EXERCISE DATA →

Segment Open

(* Let $\{B_n(\mathbf{t})\}_{n\in\mathbb{N}}$ be a solution of the Volterra lattice hierarchy, i.e. of the compatible equations $$\partial_{t_{2k}}B_n=B_n\big(V^{(2k)}_{n+1}-V^{(2k)}_{n-1}\big),$$ where $V^{(2)}_n=B_n$, $V^{(4)}_n=V^{(2)}_n\big(V^{(2)}_{n-1}+V^{(2)}_n+V^{(2)}_{n+1}\big)$, $V^{(6)}_n=V^{(2)}_n\big(V^{(2)}_{n-1}V^{(2)}_{n+1}+V^{(4)}_{n-1}+V^{(4)}_n+V^{(4)}_{n+1}\big)$ (so that in particular $\partial_{t_2}B_n=B_n(B_{n+1}-B_{n-1})$). For a given $n\in\mathbb{N}$ set $\phi(\mathbf{t})=B_n(\mathbf{t})$, $\psi(\mathbf{t})=B_{n-1}(\mathbf{t})$, and write $x=t_2$, $y=t_4$, $t=t_6$. Then $\phi,\psi$ satisfy the two compatible systems of $(1+1)$-dimensional conservation laws $$\phi_y=\big(\phi^2+2\phi\psi+\phi_x\big)_x,\qquad \psi_y=\big(\psi^2+2\phi\psi-\psi_x\big)_x,$$ and $$\phi_t=\big(\phi^3+3(\psi+2\phi)\phi\psi+3(\phi+\psi)\phi_x+\phi_{xx}\big)_x,\qquad \psi_t=\big(\psi^3+3(\phi+2\psi)\phi\psi-3(\phi+\psi)\psi_x+\psi_{xx}\big)_x.$$
   Context: $\mathbf{t}=(t_2,t_4,t_6,\dots)$ denotes the even coupling constants (times of the hierarchy); subscripts $x,y,t$ denote partial derivatives with respect to $t_2,t_4,t_6$ respectively. *)

theory Defs
  imports "HOL-Analysis.Analysis"
begin

text \<open>A lattice field is B :: int => real => real => real => real, B n x y t with
  x = t_2, y = t_4, t = t_6 (the remaining higher times are held fixed).\<close>

type_synonym lattice = "int \<Rightarrow> real \<Rightarrow> real \<Rightarrow> real \<Rightarrow> real"

definition Dx :: "(real \<Rightarrow> real \<Rightarrow> real \<Rightarrow> real) \<Rightarrow> real \<Rightarrow> real \<Rightarrow> real \<Rightarrow> real" where
  "Dx f x y t = deriv (\<lambda>s. f s y t) x"

definition Dy :: "(real \<Rightarrow> real \<Rightarrow> real \<Rightarrow> real) \<Rightarrow> real \<Rightarrow> real \<Rightarrow> real \<Rightarrow> real" where
  "Dy f x y t = deriv (\<lambda>s. f x s t) y"

definition Dt :: "(real \<Rightarrow> real \<Rightarrow> real \<Rightarrow> real) \<Rightarrow> real \<Rightarrow> real \<Rightarrow> real \<Rightarrow> real" where
  "Dt f x y t = deriv (\<lambda>s. f x y s) t"

definition V2 :: "lattice \<Rightarrow> lattice" where
  "V2 B n x y t = B n x y t"

definition V4 :: "lattice \<Rightarrow> lattice" where
  "V4 B n x y t = V2 B n x y t * (V2 B (n-1) x y t + V2 B n x y t + V2 B (n+1) x y t)"

definition V6 :: "lattice \<Rightarrow> lattice" where
  "V6 B n x y t = V2 B n x y t *
     (V2 B (n-1) x y t * V2 B (n+1) x y t + V4 B (n-1) x y t + V4 B n x y t + V4 B (n+1) x y t)"

definition volterra_hierarchy :: "lattice \<Rightarrow> bool" where
  "volterra_hierarchy B \<longleftrightarrow> (\<forall>n x y t.
     ((\<lambda>s. B n s y t) has_real_derivative B n x y t * (V2 B (n+1) x y t - V2 B (n-1) x y t)) (at x) \<and>
     ((\<lambda>s. B n x s t) has_real_derivative B n x y t * (V4 B (n+1) x y t - V4 B (n-1) x y t)) (at y) \<and>
     ((\<lambda>s. B n x y s) has_real_derivative B n x y t * (V6 B (n+1) x y t - V6 B (n-1) x y t)) (at t))"

end

theory Submission
  imports Defs
begin

text \<open>By the first flow, every x-derivative of a lattice field is a polynomial in its neighbours.
  Substituting this into the fluxes, and the t_4 and t_6 flows into the left-hand sides, turns each
  conservation law into a polynomial identity in B_{n-3}, ..., B_{n+2}.\<close>

lemma volterra_x_flow:
  assumes "volterra_hierarchy B"
  shows "((\<lambda>s. B k s y t) has_real_derivative B k x y t * (B (k+1) x y t - B (k-1) x y t)) (at x)"
  using assms unfolding volterra_hierarchy_def V2_def by blast

lemma volterra_Dx:
  assumes "volterra_hierarchy B"
  shows "Dx (B k) x y t = B k x y t * (B (k+1) x y t - B (k-1) x y t)"
  unfolding Dx_def by (rule DERIV_imp_deriv) (rule volterra_x_flow[OF assms])

lemma volterra_Dx_Dx:
  assumes H: "volterra_hierarchy B"
  shows "Dx (Dx (B k)) x y t =
    B k x y t * (B (k+1) x y t - B (k-1) x y t)^2
    + B k x y t * (B (k+1) x y t * (B (k+2) x y t - B k x y t)
                 - B (k-1) x y t * (B k x y t - B (k-2) x y t))"
  unfolding Dx_def[of "Dx (B k)"] volterra_Dx[OF H]
  by (rule DERIV_imp_deriv, rule DERIV_cong, (rule derivative_eq_intros volterra_x_flow[OF H] refl)+)
     (simp add: algebra_simps power2_eq_square)

lemma volterra_Dy:
  assumes "volterra_hierarchy B"
  shows "Dy (B k) x y t = B k x y t * (V4 B (k+1) x y t - V4 B (k-1) x y t)"
  using assms unfolding volterra_hierarchy_def Dy_def by (blast intro: DERIV_imp_deriv)

lemma volterra_Dt:
  assumes "volterra_hierarchy B"
  shows "Dt (B k) x y t = B k x y t * (V6 B (k+1) x y t - V6 B (k-1) x y t)"
  using assms unfolding volterra_hierarchy_def Dt_def by (blast intro: DERIV_imp_deriv)

lemma volterra_t4_conservation_upper:
  assumes H: "volterra_hierarchy B"
  shows "((\<lambda>s. (B n s y t)^2 + 2 * B n s y t * B (n-1) s y t + Dx (B n) s y t)
           has_real_derivative Dy (B n) x y t) (at x)"
  unfolding volterra_Dx[OF H] volterra_Dy[OF H] V4_def V2_def
  by (rule DERIV_cong, (rule derivative_eq_intros volterra_x_flow[OF H] refl)+)
     (simp add: algebra_simps power2_eq_square)

lemma volterra_t4_conservation_lower:
  assumes H: "volterra_hierarchy B"
  shows "((\<lambda>s. (B (n-1) s y t)^2 + 2 * B n s y t * B (n-1) s y t - Dx (B (n-1)) s y t)
           has_real_derivative Dy (B (n-1)) x y t) (at x)"
  unfolding volterra_Dx[OF H] volterra_Dy[OF H] V4_def V2_def
  by (rule DERIV_cong, (rule derivative_eq_intros volterra_x_flow[OF H] refl)+)
     (simp add: algebra_simps power2_eq_square)

lemma volterra_t6_conservation_upper:
  assumes H: "volterra_hierarchy B"
  shows "((\<lambda>s. (B n s y t)^3 + 3 * (B (n-1) s y t + 2 * B n s y t) * B n s y t * B (n-1) s y t
              + 3 * (B n s y t + B (n-1) s y t) * Dx (B n) s y t + Dx (Dx (B n)) s y t)
           has_real_derivative Dt (B n) x y t) (at x)"
  unfolding volterra_Dx_Dx[OF H] volterra_Dx[OF H] volterra_Dt[OF H] V6_def V4_def V2_def
  by (rule DERIV_cong, (rule derivative_eq_intros volterra_x_flow[OF H] refl)+)
     (simp add: algebra_simps power2_eq_square power3_eq_cube)

lemma volterra_t6_conservation_lower:
  assumes H: "volterra_hierarchy B"
  shows "((\<lambda>s. (B (n-1) s y t)^3 + 3 * (B n s y t + 2 * B (n-1) s y t) * B n s y t * B (n-1) s y t
              - 3 * (B n s y t + B (n-1) s y t) * Dx (B (n-1)) s y t + Dx (Dx (B (n-1))) s y t)
           has_real_derivative Dt (B (n-1)) x y t) (at x)"
  unfolding volterra_Dx_Dx[OF H] volterra_Dx[OF H] volterra_Dt[OF H] V6_def V4_def V2_def
  by (rule DERIV_cong, (rule derivative_eq_intros volterra_x_flow[OF H] refl)+)
     (simp add: algebra_simps power2_eq_square power3_eq_cube)

theorem lemma2p3:
  fixes B :: lattice and n :: int and x y t :: real
  assumes "volterra_hierarchy B"
  shows
   "((\<lambda>s. (B n s y t)^2 + 2 * B n s y t * B (n-1) s y t + Dx (B n) s y t)
       has_real_derivative Dy (B n) x y t) (at x) \<and>
    ((\<lambda>s. (B (n-1) s y t)^2 + 2 * B n s y t * B (n-1) s y t - Dx (B (n-1)) s y t)
       has_real_derivative Dy (B (n-1)) x y t) (at x) \<and>
    ((\<lambda>s. (B n s y t)^3 + 3 * (B (n-1) s y t + 2 * B n s y t) * B n s y t * B (n-1) s y t
          + 3 * (B n s y t + B (n-1) s y t) * Dx (B n) s y t + Dx (Dx (B n)) s y t)
       has_real_derivative Dt (B n) x y t) (at x) \<and>
    ((\<lambda>s. (B (n-1) s y t)^3 + 3 * (B n s y t + 2 * B (n-1) s y t) * B n s y t * B (n-1) s y t
          - 3 * (B n s y t + B (n-1) s y t) * Dx (B (n-1)) s y t + Dx (Dx (B (n-1))) s y t)
       has_real_derivative Dt (B (n-1)) x y t) (at x)"
proof -
  note volterra_t4_conservation_upper[OF assms] volterra_t4_conservation_lower[OF assms]
    volterra_t6_conservation_upper[OF assms] volterra_t6_conservation_lower[OF assms]
  then show ?thesis by (intro conjI)
qed

end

Segment Closed

TASK TO CARRY OUT →
Each line above from the one with "conservation law into" up to and including the one with "(Dx (B k)) x" must be set down exactly, and no line outside that span may appear.

OUTPUT FOR THIS TASK →
  conservation law into a polynomial identity in B_{n-3}, ..., B_{n+2}.\<close>

lemma volterra_x_flow:
  assumes "volterra_hierarchy B"
  shows "((\<lambda>s. B k s y t) has_real_derivative B k x y t * (B (k+1) x y t - B (k-1) x y t)) (at x)"
  using assms unfolding volterra_hierarchy_def V2_def by blast

lemma volterra_Dx:
  assumes "volterra_hierarchy B"
  shows "Dx (B k) x y t = B k x y t * (B (k+1) x y t - B (k-1) x y t)"
  unfolding Dx_def by (rule DERIV_imp_deriv) (rule volterra_x_flow[OF assms])

lemma volterra_Dx_Dx:
  assumes H: "volterra_hierarchy B"
  shows "Dx (Dx (B k)) x y t =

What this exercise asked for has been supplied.